• **HOW TO COMPLETE THIS TASK**
Filter this data down to the lines that hold "proof", and copy them.

INPUT MATERIAL Start Marker

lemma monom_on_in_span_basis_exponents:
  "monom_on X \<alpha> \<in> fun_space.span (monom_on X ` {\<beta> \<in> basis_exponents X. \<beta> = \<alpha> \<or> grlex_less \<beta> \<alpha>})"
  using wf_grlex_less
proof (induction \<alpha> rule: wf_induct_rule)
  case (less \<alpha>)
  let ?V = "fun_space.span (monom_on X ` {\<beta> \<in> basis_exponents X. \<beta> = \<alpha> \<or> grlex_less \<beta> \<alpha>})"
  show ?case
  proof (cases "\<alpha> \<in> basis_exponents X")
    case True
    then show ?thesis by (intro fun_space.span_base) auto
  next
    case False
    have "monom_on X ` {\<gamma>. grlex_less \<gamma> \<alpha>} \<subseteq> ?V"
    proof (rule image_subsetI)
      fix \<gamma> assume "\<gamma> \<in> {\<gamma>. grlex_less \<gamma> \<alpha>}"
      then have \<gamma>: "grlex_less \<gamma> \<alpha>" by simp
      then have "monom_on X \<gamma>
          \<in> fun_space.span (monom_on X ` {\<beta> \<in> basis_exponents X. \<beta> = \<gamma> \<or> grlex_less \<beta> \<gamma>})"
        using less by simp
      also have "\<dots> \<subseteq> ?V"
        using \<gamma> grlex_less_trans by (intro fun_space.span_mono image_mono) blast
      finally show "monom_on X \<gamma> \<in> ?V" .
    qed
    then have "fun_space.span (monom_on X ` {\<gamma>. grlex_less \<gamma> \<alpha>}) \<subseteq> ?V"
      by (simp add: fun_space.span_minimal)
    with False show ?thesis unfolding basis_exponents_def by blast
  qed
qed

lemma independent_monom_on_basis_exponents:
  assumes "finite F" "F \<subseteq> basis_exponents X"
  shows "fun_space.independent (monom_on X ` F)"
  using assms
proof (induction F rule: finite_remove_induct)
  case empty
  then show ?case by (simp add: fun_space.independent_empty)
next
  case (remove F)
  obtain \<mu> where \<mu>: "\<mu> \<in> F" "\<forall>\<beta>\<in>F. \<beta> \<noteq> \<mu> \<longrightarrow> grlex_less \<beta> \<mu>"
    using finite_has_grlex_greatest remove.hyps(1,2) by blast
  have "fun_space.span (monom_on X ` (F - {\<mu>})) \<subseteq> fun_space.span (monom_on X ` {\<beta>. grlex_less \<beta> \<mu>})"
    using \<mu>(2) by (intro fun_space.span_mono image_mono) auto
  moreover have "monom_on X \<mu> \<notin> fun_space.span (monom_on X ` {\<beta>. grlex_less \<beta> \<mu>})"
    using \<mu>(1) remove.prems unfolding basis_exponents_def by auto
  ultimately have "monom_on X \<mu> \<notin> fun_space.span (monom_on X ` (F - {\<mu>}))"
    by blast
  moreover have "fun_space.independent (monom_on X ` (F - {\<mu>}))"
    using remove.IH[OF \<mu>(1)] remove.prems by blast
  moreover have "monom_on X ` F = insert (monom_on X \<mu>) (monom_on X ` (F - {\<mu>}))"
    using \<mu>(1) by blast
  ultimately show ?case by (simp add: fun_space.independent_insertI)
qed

INPUT MATERIAL End Marker
INPUT MATERIAL Start Marker

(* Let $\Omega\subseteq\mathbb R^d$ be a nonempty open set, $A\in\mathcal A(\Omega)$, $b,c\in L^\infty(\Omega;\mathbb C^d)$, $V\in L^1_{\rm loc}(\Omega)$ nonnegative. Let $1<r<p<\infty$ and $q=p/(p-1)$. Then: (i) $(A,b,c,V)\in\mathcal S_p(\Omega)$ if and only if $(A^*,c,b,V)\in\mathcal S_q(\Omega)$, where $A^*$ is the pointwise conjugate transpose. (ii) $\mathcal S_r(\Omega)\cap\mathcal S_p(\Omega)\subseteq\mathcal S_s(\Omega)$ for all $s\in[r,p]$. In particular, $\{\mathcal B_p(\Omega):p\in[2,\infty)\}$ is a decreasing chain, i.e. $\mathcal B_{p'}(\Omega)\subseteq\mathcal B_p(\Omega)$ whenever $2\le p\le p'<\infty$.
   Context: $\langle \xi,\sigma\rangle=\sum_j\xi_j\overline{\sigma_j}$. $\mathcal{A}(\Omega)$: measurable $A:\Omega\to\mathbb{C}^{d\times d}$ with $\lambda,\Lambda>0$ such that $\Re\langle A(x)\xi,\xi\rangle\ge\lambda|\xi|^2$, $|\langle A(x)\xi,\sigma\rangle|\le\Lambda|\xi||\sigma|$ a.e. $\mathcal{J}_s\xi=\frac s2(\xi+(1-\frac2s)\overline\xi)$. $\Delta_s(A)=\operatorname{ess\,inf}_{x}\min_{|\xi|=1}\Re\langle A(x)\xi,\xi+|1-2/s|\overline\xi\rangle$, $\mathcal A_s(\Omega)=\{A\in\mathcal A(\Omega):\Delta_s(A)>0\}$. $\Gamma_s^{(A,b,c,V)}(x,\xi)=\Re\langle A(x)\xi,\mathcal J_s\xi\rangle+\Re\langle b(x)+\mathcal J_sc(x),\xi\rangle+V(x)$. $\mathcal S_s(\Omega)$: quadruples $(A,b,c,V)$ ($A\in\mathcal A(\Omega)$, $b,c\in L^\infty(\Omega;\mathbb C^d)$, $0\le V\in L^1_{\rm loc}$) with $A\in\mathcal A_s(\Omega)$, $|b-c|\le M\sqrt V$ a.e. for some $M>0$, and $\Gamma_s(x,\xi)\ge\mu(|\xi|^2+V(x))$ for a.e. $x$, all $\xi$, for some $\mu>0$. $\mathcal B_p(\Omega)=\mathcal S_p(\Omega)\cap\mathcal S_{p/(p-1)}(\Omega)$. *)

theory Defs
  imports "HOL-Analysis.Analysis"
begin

INPUT MATERIAL End Marker

• **OUTPUT FOR THIS TASK**
proof (induction \<alpha> rule: wf_induct_rule)
  proof (cases "\<alpha> \<in> basis_exponents X")
    proof (rule image_subsetI)
proof (induction F rule: finite_remove_induct)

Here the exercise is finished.